The writer was present at a similar occurrence. There were a half score of boys seated upon some logs near the country school-house, during recess, listening to a story, something about “an old woman who had just reached a well, with a pitcher to obtain some water, when the old lady tripped her toe, and fell into the well head foremost.”

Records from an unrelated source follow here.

lemma complementary_slackness:
  assumes \<theta>: "primal_feasible M n P \<gamma> m \<theta>" and V: "dual_feasible M n P Ga \<gamma> V"
    and obj: "primal_obj M n Ga \<theta> = (\<Sum>j=1..n. m j * V j)"
    and "a \<in> {1..M}" "j \<in> {1..n}"
  shows "\<theta> a j * reduced_cost V a j = 0"
proof -
  have nonneg: "0 \<le> \<theta> a j * reduced_cost V a j" if "a \<in> {1..M}" "j \<in> {1..n}" for a j
    using \<theta> V that unfolding dual_feasible_iff_reduced_cost_nonneg primal_feasible_def by simp
  have "(\<Sum>a=1..M. \<Sum>j=1..n. \<theta> a j * reduced_cost V a j) = 0"
    using primal_obj_eq_lagrangian[OF \<theta>, of V] obj by simp
  then have "\<forall>a\<in>{1..M}. (\<Sum>j=1..n. \<theta> a j * reduced_cost V a j) = 0"
    using nonneg by (subst (asm) sum_nonneg_eq_0_iff) (auto intro!: sum_nonneg)
  then show ?thesis
    using assms(4,5) nonneg sum_nonneg_eq_0_iff[of "{1..n}" "\<lambda>j. \<theta> a j * reduced_cost V a j"] by auto
qed

\<comment> \<open>Deterministic stationary policies, taken extensional so that there are finitely many.\<close>
abbreviation policies :: "(nat \<Rightarrow> nat) set" where
  "policies \<equiv> {1..n} \<rightarrow>\<^sub>E {1..M}"

definition is_occupation :: "(nat \<Rightarrow> nat) \<Rightarrow> (nat \<Rightarrow> real) \<Rightarrow> bool" where
  "is_occupation \<sigma> x \<longleftrightarrow> (\<forall>j\<in>{1..n}. 0 \<le> x j \<and> x j = m j + \<gamma> * (\<Sum>i=1..n. P (\<sigma> i) i j * x i))"

lemma occupation_nonneg: "is_occupation \<sigma> x \<Longrightarrow> j \<in> {1..n} \<Longrightarrow> 0 \<le> x j"
  and occupation_eq: "is_occupation \<sigma> x \<Longrightarrow> j \<in> {1..n} \<Longrightarrow> x j = m j + \<gamma> * (\<Sum>i=1..n. P (\<sigma> i) i j * x i)"
  unfolding is_occupation_def by blast+

definition is_policy_value :: "(nat \<Rightarrow> nat) \<Rightarrow> (nat \<Rightarrow> real) \<Rightarrow> bool" where
  "is_policy_value \<sigma> V \<longleftrightarrow> (\<forall>j\<in>{1..n}. 0 \<le> V j \<and> reduced_cost V (\<sigma> j) j = 0)"

definition deterministic_flow :: "(nat \<Rightarrow> nat) \<Rightarrow> (nat \<Rightarrow> real) \<Rightarrow> nat \<Rightarrow> nat \<Rightarrow> real" where
  "deterministic_flow \<sigma> x a j = (if a = \<sigma> j then x j else 0)"

lemma sum_actions_deterministic_flow:
  assumes "\<sigma> \<in> policies" "j \<in> {1..n}"
  shows "(\<Sum>a=1..M. deterministic_flow \<sigma> x a j * r a) = x j * r (\<sigma> j)"
  using assms by (auto simp: deterministic_flow_def if_distrib if_distribR sum.delta cong: if_cong)

lemma sum_deterministic_flow:
  assumes "\<sigma> \<in> policies"
  shows "(\<Sum>a=1..M. \<Sum>j=1..n. deterministic_flow \<sigma> x a j * r a j) = (\<Sum>j=1..n. x j * r (\<sigma> j) j)"
  using sum_actions_deterministic_flow[OF assms] by (subst sum.swap) simp

lemma occupation_ge_m:
  assumes "\<sigma> \<in> policies" "is_occupation \<sigma> x" "j \<in> {1..n}"
  shows "m j \<le> x j"
proof -
  have "0 \<le> (\<Sum>i=1..n. P (\<sigma> i) i j * x i)"
    using assms P_nonneg PiE_mem[OF assms(1)] occupation_nonneg
    by (intro sum_nonneg mult_nonneg_nonneg) auto
  then show ?thesis
    using occupation_eq[OF assms(2,3)] \<gamma>_nonneg by (simp add: mult_nonneg_nonneg)
qed

lemma primal_feasible_deterministic_flow:
  assumes "\<sigma> \<in> policies" "is_occupation \<sigma> x"
  shows "primal_feasible M n P \<gamma> m (deterministic_flow \<sigma> x)"
  unfolding primal_feasible_def
proof (intro conjI ballI)
  fix a j assume "a \<in> {1..M}" "j \<in> {1..n}"
  then show "0 \<le> deterministic_flow \<sigma> x a j"
    using occupation_nonneg[OF assms(2)] by (simp add: deterministic_flow_def)
next
  fix j assume j: "j \<in> {1..n}"
  have total: "(\<Sum>a=1..M. deterministic_flow \<sigma> x a j) = x j"
    using sum_actions_deterministic_flow[OF assms(1) j, of x "\<lambda>_. 1"] by simp
  have inflow: "(\<Sum>a=1..M. \<Sum>i=1..n. P a i j * deterministic_flow \<sigma> x a i) = (\<Sum>i=1..n. P (\<sigma> i) i j * x i)"
    using sum_deterministic_flow[OF assms(1), of x "\<lambda>a i. P a i j"] by (simp add: mult.commute)
  show "\<gamma> * (\<Sum>a=1..M. \<Sum>i=1..n. P a i j * deterministic_flow \<sigma> x a i)
      - (\<Sum>a=1..M. deterministic_flow \<sigma> x a j) = - m j"
    unfolding total inflow using occupation_eq[OF assms(2) j] by linarith
qed

lemma primal_obj_deterministic_flow:
  assumes "\<sigma> \<in> policies" "is_occupation \<sigma> x"
  shows "primal_obj M n Ga (deterministic_flow \<sigma> x)
    = (\<Sum>j=1..n. m j * V j) + (\<Sum>j=1..n. x j * reduced_cost V (\<sigma> j) j)"
  using primal_obj_eq_lagrangian[OF primal_feasible_deterministic_flow[OF assms], of V]
    sum_deterministic_flow[OF assms(1), of x "reduced_cost V"]
  by linarith

lemma primal_obj_deterministic_flow_eq_value:
  assumes "\<sigma> \<in> policies" "is_occupation \<sigma> x" "is_policy_value \<sigma> V"
  shows "primal_obj M n Ga (deterministic_flow \<sigma> x) = (\<Sum>j=1..n. m j * V j)"
  using primal_obj_deterministic_flow[OF assms(1,2), of V] assms(3)
  unfolding is_policy_value_def by simp

lemma value_exists_if_occupation:
  assumes \<sigma>: "\<sigma> \<in> policies" and x: "is_occupation \<sigma> x"
  obtains V where "is_policy_value \<sigma> V"
proof -
  obtain V where V: "\<forall>j\<in>{1..n}. 0 \<le> V j \<and> V j = Ga (\<sigma> j) j + (\<Sum>i\<in>{1..n}. \<gamma> * P (\<sigma> j) j i * V i)"
  proof (atomize_elim, rule nonneg_linear_fixpoint_if_excessive[where Q = "\<lambda>j i. \<gamma> * P (\<sigma> j) j i"
        and b = "\<lambda>j. Ga (\<sigma> j) j" and w = x and g = m])
    show "m k + (\<Sum>i\<in>{1..n}. \<gamma> * P (\<sigma> i) i k * x i) \<le> x k" if "k \<in> {1..n}" for k
      using occupation_eq[OF x that] by (simp add: sum_distrib_left mult.assoc)
  qed (use PiE_mem[OF \<sigma>] P_nonneg Ga_pos m_pos occupation_nonneg[OF x] \<gamma>_nonneg
       in \<open>auto intro: less_imp_le\<close>)
  have scale: "(\<Sum>i\<in>{1..n}. \<gamma> * P (\<sigma> j) j i * V i) = \<gamma> * (\<Sum>i=1..n. P (\<sigma> j) j i * V i)" for j
    by (simp add: sum_distrib_left mult.assoc)
  have "is_policy_value \<sigma> V"
    unfolding is_policy_value_def
  proof
    fix j assume "j \<in> {1..n}"
    then have "0 \<le> V j" "V j = Ga (\<sigma> j) j + \<gamma> * (\<Sum>i=1..n. P (\<sigma> j) j i * V i)"
      using V unfolding scale by blast+
    then show "0 \<le> V j \<and> reduced_cost V (\<sigma> j) j = 0"
      unfolding reduced_cost_def by (intro conjI) linarith+
  qed
  then show ?thesis by (rule that)
qed

lemma occupation_exists_if_excessive:
  assumes \<sigma>: "\<sigma> \<in> policies" and W_nonneg: "\<And>j. j \<in> {1..n} \<Longrightarrow> 0 \<le> W j"
    and excessive: "\<And>j. j \<in> {1..n} \<Longrightarrow> reduced_cost W (\<sigma> j) j \<le> 0"
  obtains x where "is_occupation \<sigma> x"
proof -
  obtain x where x: "\<forall>j\<in>{1..n}. 0 \<le> x j \<and> x j = m j + (\<Sum>i\<in>{1..n}. \<gamma> * P (\<sigma> i) i j * x i)"
  proof (atomize_elim, rule nonneg_linear_fixpoint_if_excessive[where Q = "\<lambda>j i. \<gamma> * P (\<sigma> i) i j"
        and b = m and w = W and g = "\<lambda>j. Ga (\<sigma> j) j"])
    show "Ga (\<sigma> k) k + (\<Sum>i\<in>{1..n}. \<gamma> * P (\<sigma> k) k i * W i) \<le> W k" if "k \<in> {1..n}" for k
      using excessive[OF that] unfolding reduced_cost_def by (simp add: sum_distrib_left mult.assoc)
  qed (use PiE_mem[OF \<sigma>] P_nonneg Ga_pos m_pos W_nonneg \<gamma>_nonneg in \<open>auto intro: less_imp_le\<close>)
  have scale: "(\<Sum>i\<in>{1..n}. \<gamma> * P (\<sigma> i) i j * x i) = \<gamma> * (\<Sum>i=1..n. P (\<sigma> i) i j * x i)" for j
    by (simp add: sum_distrib_left mult.assoc)
  have "is_occupation \<sigma> x"
    using x unfolding is_occupation_def scale by blast
  then show ?thesis by (rule that)
qed

lemma randomized_value_exists:
  assumes "0 \<le> \<gamma>'" and \<theta>: "primal_feasible M n P \<gamma>' m \<theta>"
  obtains V where "\<And>j. j \<in> {1..n} \<Longrightarrow> 0 \<le> V j"
    and "\<And>j. j \<in> {1..n} \<Longrightarrow>
      (\<Sum>a=1..M. \<theta> a j) * V j = (\<Sum>a=1..M. \<theta> a j * (Ga a j + \<gamma>' * (\<Sum>i=1..n. P a j i * V i)))"
proof -
  define R where "R j i = \<gamma>' * (\<Sum>a=1..M. \<theta> a j * P a j i)" for j i
  have regroup: "(\<Sum>a=1..M. \<theta> a j * Ga a j) + (\<Sum>i\<in>{1..n}. R j i * V i)
      = (\<Sum>a=1..M. \<theta> a j * (Ga a j + \<gamma>' * (\<Sum>i=1..n. P a j i * V i)))" for j V
    unfolding R_def distrib_left sum.distrib sum_distrib_left sum_distrib_right
    by (subst (2) sum.swap) (simp add: mult_ac)
  have "\<exists>V. \<forall>j\<in>{1..n}. 0 \<le> V j
      \<and> (\<Sum>a=1..M. \<theta> a j) * V j = (\<Sum>a=1..M. \<theta> a j * Ga a j) + (\<Sum>i\<in>{1..n}. R j i * V i)"
  proof (rule nonneg_scaled_linear_fixpoint_if_excessive[where g = m])
    show "m k + (\<Sum>j\<in>{1..n}. R j k) \<le> (\<Sum>a=1..M. \<theta> a k)" if "k \<in> {1..n}" for k
    proof -
      have "(\<Sum>j\<in>{1..n}. R j k) = \<gamma>' * (\<Sum>a=1..M. \<Sum>i=1..n. P a i k * \<theta> a i)"
        unfolding R_def sum_distrib_left[symmetric] by (subst sum.swap) (simp add: mult.commute)
      then show ?thesis
        using \<theta> that unfolding primal_feasible_def by force
    qed
  qed (use primal_feasible_nonneg[OF \<theta>] P_nonneg Ga_pos[THEN less_imp_le] assms(1)
         total_flow_pos[OF \<theta> assms(1)] m_pos
       in \<open>auto simp: R_def intro!: sum_nonneg mult_nonneg_nonneg\<close>)
  then show ?thesis
    using that unfolding regroup by blast
qed

lemma greedy_policy_exists:
  fixes h :: "nat \<Rightarrow> nat \<Rightarrow> real"
  assumes "0 < n \<Longrightarrow> 0 < M"
  obtains \<sigma> where "\<sigma> \<in> policies" "\<And>a j. a \<in> {1..M} \<Longrightarrow> j \<in> {1..n} \<Longrightarrow> h (\<sigma> j) j \<le> h a j"
proof -
  have "\<exists>a\<in>{1..M}. \<forall>a'\<in>{1..M}. h a j \<le> h a' j" if "j \<in> {1..n}" for j
    using arg_min_if_finite(1)[of "{1..M}" "\<lambda>a. h a j"] arg_min_least[of "{1..M}" _ "\<lambda>a. h a j"]
      assms that by fastforce
  then obtain \<tau> where "\<forall>j\<in>{1..n}. \<tau> j \<in> {1..M} \<and> (\<forall>a\<in>{1..M}. h (\<tau> j) j \<le> h a j)"
    by metis
  then show ?thesis
    using that[of "restrict \<tau> {1..n}"] by auto
qed

lemma occupation_exists_if_feasible:
  assumes "\<gamma> \<le> \<gamma>'" and \<theta>: "primal_feasible M n P \<gamma>' m \<theta>"
  obtains \<sigma> x where "\<sigma> \<in> policies" "is_occupation \<sigma> x"
proof -
  have "0 \<le> \<gamma>'" using \<gamma>_nonneg assms(1) by linarith
  obtain V where V_nonneg: "\<And>j. j \<in> {1..n} \<Longrightarrow> 0 \<le> V j"
    and V_eq: "\<And>j. j \<in> {1..n} \<Longrightarrow>
      (\<Sum>a=1..M. \<theta> a j) * V j = (\<Sum>a=1..M. \<theta> a j * (Ga a j + \<gamma>' * (\<Sum>i=1..n. P a j i * V i)))"
    using randomized_value_exists[OF \<open>0 \<le> \<gamma>'\<close> \<theta>] by blast
  define h where "h a j = Ga a j + \<gamma> * (\<Sum>i=1..n. P a j i * V i)" for a j
  have actions: "0 < M" if "0 < n"
    using exists_action_with_pos_flow[OF \<theta> \<open>0 \<le> \<gamma>'\<close>, of 1] that by fastforce
  obtain \<sigma> where \<sigma>: "\<sigma> \<in> policies"
    and greedy: "\<And>a j. a \<in> {1..M} \<Longrightarrow> j \<in> {1..n} \<Longrightarrow> h (\<sigma> j) j \<le> h a j"
    using greedy_policy_exists[where h = h, OF actions] by blast
  have "reduced_cost V (\<sigma> j) j \<le> 0" if j: "j \<in> {1..n}" for j
  proof -
    have "h a j \<le> Ga a j + \<gamma>' * (\<Sum>i=1..n. P a j i * V i)" if "a \<in> {1..M}" for a
    proof -
      have "0 \<le> (\<Sum>i=1..n. P a j i * V i)"
        using that j P_nonneg V_nonneg by (auto intro!: sum_nonneg mult_nonneg_nonneg)
      then show ?thesis
        unfolding h_def using assms(1) by (simp add: mult_right_mono)
    qed
    then have "(\<Sum>a=1..M. \<theta> a j) * h (\<sigma> j) j \<le> (\<Sum>a=1..M. \<theta> a j * (Ga a j + \<gamma>' * (\<Sum>i=1..n. P a j i * V i)))"
      unfolding sum_distrib_right using greedy j primal_feasible_nonneg[OF \<theta> _ j]
      by (intro sum_mono mult_left_mono order.trans[OF greedy]) auto
    then have "(\<Sum>a=1..M. \<theta> a j) * h (\<sigma> j) j \<le> (\<Sum>a=1..M. \<theta> a j) * V j"
      using V_eq[OF j] by linarith
    then have "h (\<sigma> j) j \<le> V j"
      using total_flow_pos[OF \<theta> \<open>0 \<le> \<gamma>'\<close> j] by (rule mult_left_le_imp_le)
    then show ?thesis
      unfolding reduced_cost_def h_def by simp
  qed
  then obtain x where "is_occupation \<sigma> x"
    using occupation_exists_if_excessive[where W = V, OF \<sigma> V_nonneg] by blast
  with \<sigma> show ?thesis by (rule that)
qed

At this juncture one of the listeners fell forward from the log in a fit. We were greatly frightened, but mustered sufficient courage to throw some water in the boy’s face, when he gradually came to his senses, exclaiming,—
“Did she break the pitcher, Johnny?”
To Mrs. Bray’s book we are again indebted for the following:—
“A bon-vivant, brought to his death-bed by an immoderate use of wine, was one day informed by his physician that he could not, in all human probability, survive many hours, and that he would die before eight o’clock the following morning, summoned all his remaining strength to call the doctor back, and, when the physician had returned, made an ineffectual attempt to rise in bed, saying, with the true recklessness of an innate gambler,—
“‘Doctor, I’ll bet you some bottles that I live till nine!’”
“Let go the Halliards.”
A sailor was taken with the pleurisy on board a vessel that was hauling through the “seven bridges” that span the Charles River from the Navy Yard to Cambridgeport, and a well-known physician, rather of the Falstaffian make-up, whom I may as well call Dr. Jones,—because that is not his name,—was summoned. He prescribed for the patient, and when the schooner touched the pier of the bridge, he stepped ashore, as was supposed by the captain and crew, whose whole attention was required to keep the vessel from driving against the drawer; but “there’s many a slip ’twixt cup and lip,” and the old doctor had taken the “slip,” and went plump overboard, unseen by any.